**AVAILABLE DATA**
_ _ _ _
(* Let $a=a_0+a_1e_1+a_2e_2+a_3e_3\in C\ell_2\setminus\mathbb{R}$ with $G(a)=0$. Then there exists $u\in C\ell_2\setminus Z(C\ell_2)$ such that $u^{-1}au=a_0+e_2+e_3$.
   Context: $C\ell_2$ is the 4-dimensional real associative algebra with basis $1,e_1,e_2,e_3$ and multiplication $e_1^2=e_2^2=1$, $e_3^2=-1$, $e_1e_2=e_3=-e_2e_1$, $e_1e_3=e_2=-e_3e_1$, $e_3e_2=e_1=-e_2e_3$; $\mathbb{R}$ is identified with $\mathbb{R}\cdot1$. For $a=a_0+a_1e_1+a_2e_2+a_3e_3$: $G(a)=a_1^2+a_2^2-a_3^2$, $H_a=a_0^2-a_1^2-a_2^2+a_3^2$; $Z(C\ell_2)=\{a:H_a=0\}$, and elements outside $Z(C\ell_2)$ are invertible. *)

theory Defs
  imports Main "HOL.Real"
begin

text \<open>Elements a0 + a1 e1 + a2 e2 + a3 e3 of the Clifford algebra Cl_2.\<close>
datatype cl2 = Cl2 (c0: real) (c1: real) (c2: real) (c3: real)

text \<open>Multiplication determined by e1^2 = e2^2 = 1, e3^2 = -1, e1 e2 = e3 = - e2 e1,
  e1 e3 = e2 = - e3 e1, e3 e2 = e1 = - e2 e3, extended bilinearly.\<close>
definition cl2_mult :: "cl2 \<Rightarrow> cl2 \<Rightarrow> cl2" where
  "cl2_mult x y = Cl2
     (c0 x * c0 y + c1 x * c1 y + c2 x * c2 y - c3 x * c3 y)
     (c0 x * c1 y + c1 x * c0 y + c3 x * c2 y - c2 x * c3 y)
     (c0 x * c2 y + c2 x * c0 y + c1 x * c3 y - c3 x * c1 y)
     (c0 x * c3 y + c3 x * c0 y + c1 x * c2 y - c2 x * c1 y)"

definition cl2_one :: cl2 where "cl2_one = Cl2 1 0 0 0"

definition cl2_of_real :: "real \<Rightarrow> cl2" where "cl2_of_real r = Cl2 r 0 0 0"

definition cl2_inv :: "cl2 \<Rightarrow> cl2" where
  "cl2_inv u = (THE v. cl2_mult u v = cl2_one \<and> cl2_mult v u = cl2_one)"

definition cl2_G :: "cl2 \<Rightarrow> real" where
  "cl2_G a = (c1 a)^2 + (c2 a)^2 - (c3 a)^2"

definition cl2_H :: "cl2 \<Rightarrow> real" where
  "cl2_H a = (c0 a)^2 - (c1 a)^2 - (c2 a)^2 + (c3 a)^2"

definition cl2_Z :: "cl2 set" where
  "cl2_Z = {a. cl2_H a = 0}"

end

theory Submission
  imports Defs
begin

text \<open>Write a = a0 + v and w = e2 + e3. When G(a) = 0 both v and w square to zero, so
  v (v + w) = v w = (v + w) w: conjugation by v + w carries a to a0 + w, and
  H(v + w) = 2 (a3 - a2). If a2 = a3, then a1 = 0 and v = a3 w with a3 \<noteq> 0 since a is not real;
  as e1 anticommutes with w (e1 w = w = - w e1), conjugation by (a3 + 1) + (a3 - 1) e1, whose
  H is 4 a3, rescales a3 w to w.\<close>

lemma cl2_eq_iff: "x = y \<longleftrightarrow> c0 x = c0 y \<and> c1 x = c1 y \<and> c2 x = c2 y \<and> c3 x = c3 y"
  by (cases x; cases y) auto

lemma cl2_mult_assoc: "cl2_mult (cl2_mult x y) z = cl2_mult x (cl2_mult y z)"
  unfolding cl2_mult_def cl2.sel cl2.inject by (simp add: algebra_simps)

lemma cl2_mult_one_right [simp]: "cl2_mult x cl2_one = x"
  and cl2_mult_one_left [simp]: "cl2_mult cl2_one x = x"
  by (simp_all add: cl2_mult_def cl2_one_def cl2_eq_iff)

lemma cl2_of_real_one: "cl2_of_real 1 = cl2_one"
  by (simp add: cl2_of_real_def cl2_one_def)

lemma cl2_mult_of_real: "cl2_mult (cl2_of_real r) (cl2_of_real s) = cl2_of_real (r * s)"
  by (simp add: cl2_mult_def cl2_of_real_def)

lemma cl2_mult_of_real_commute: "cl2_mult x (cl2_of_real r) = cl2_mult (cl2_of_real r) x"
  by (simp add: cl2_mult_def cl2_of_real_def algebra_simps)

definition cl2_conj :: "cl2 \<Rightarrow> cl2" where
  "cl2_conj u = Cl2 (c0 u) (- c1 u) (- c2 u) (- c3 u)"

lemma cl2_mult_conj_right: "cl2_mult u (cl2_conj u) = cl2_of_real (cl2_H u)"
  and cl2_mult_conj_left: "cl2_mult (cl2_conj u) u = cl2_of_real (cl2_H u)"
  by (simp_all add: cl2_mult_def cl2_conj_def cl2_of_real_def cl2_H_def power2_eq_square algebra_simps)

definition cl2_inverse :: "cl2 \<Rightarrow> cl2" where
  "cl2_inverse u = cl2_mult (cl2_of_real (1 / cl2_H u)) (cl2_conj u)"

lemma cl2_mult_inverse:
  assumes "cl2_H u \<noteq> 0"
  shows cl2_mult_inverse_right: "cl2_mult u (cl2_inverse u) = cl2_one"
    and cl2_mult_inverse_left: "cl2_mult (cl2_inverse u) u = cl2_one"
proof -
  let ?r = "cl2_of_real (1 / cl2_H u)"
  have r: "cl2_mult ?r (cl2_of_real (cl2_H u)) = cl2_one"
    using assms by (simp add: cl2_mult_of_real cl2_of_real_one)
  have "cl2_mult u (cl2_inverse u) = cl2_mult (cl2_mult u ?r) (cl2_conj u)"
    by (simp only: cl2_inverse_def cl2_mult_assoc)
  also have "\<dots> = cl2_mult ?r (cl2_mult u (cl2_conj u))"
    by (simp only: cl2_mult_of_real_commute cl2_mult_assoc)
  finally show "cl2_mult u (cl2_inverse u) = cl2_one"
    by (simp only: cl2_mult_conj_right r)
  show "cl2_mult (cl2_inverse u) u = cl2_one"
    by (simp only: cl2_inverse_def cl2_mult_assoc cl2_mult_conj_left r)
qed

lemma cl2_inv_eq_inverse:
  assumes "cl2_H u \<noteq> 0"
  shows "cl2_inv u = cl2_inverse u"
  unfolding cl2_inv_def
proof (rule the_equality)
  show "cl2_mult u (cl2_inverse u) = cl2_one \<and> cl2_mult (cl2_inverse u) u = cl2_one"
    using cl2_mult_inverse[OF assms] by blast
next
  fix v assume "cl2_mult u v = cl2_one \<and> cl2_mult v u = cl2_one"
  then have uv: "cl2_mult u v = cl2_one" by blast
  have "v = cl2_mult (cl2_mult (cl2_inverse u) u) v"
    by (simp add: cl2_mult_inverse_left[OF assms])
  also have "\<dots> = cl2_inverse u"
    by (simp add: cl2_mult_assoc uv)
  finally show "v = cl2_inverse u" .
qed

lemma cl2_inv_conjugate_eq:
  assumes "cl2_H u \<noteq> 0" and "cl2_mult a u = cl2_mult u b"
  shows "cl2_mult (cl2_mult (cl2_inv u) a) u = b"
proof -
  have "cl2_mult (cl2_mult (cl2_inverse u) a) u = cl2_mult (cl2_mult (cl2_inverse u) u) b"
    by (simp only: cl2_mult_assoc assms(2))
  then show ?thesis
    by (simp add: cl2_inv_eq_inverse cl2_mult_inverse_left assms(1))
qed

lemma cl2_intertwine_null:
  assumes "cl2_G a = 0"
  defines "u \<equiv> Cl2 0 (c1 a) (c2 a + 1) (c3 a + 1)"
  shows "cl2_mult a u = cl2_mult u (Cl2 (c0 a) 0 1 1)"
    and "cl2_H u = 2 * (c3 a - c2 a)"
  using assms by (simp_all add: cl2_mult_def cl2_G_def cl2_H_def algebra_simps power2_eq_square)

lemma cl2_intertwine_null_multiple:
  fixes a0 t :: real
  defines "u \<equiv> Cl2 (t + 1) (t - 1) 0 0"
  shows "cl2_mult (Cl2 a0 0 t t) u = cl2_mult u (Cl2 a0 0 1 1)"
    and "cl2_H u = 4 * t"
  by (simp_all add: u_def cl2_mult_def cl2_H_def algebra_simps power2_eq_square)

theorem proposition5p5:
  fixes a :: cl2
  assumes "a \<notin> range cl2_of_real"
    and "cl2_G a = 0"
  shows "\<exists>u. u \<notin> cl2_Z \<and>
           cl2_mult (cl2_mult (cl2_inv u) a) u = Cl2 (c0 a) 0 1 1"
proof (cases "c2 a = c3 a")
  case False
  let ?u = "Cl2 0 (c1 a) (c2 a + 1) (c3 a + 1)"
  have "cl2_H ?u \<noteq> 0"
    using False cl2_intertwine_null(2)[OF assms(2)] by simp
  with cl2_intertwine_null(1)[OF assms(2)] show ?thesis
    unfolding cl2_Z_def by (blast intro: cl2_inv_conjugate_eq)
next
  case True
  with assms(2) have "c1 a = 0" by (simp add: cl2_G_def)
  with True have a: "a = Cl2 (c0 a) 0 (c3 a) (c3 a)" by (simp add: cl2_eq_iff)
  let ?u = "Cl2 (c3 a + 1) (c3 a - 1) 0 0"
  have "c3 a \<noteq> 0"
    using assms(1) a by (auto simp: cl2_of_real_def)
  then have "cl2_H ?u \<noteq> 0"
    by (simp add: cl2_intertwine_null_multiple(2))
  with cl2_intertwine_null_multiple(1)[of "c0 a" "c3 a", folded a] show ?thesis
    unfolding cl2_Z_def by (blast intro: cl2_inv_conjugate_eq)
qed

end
_ _ _ _
**EXERCISE REQUIREMENTS**
In the listing above, the lines from the one containing "(c0 x * c0 y" through the one containing "H is 4 a3, rescales a3 w to w.\<close>" must be set down exactly, with no other lines.

**RESULT**
     (c0 x * c0 y + c1 x * c1 y + c2 x * c2 y - c3 x * c3 y)
     (c0 x * c1 y + c1 x * c0 y + c3 x * c2 y - c2 x * c3 y)
     (c0 x * c2 y + c2 x * c0 y + c1 x * c3 y - c3 x * c1 y)
     (c0 x * c3 y + c3 x * c0 y + c1 x * c2 y - c2 x * c1 y)"

definition cl2_one :: cl2 where "cl2_one = Cl2 1 0 0 0"

definition cl2_of_real :: "real \<Rightarrow> cl2" where "cl2_of_real r = Cl2 r 0 0 0"

definition cl2_inv :: "cl2 \<Rightarrow> cl2" where
  "cl2_inv u = (THE v. cl2_mult u v = cl2_one \<and> cl2_mult v u = cl2_one)"

definition cl2_G :: "cl2 \<Rightarrow> real" where
  "cl2_G a = (c1 a)^2 + (c2 a)^2 - (c3 a)^2"

definition cl2_H :: "cl2 \<Rightarrow> real" where
  "cl2_H a = (c0 a)^2 - (c1 a)^2 - (c2 a)^2 + (c3 a)^2"

definition cl2_Z :: "cl2 set" where
  "cl2_Z = {a. cl2_H a = 0}"

end

theory Submission
  imports Defs
begin

text \<open>Write a = a0 + v and w = e2 + e3. When G(a) = 0 both v and w square to zero, so
  v (v + w) = v w = (v + w) w: conjugation by v + w carries a to a0 + w, and
  H(v + w) = 2 (a3 - a2). If a2 = a3, then a1 = 0 and v = a3 w with a3 \<noteq> 0 since a is not real;
  as e1 anticommutes with w (e1 w = w = - w e1), conjugation by (a3 + 1) + (a3 - 1) e1, whose
  H is 4 a3, rescales a3 w to w.\<close>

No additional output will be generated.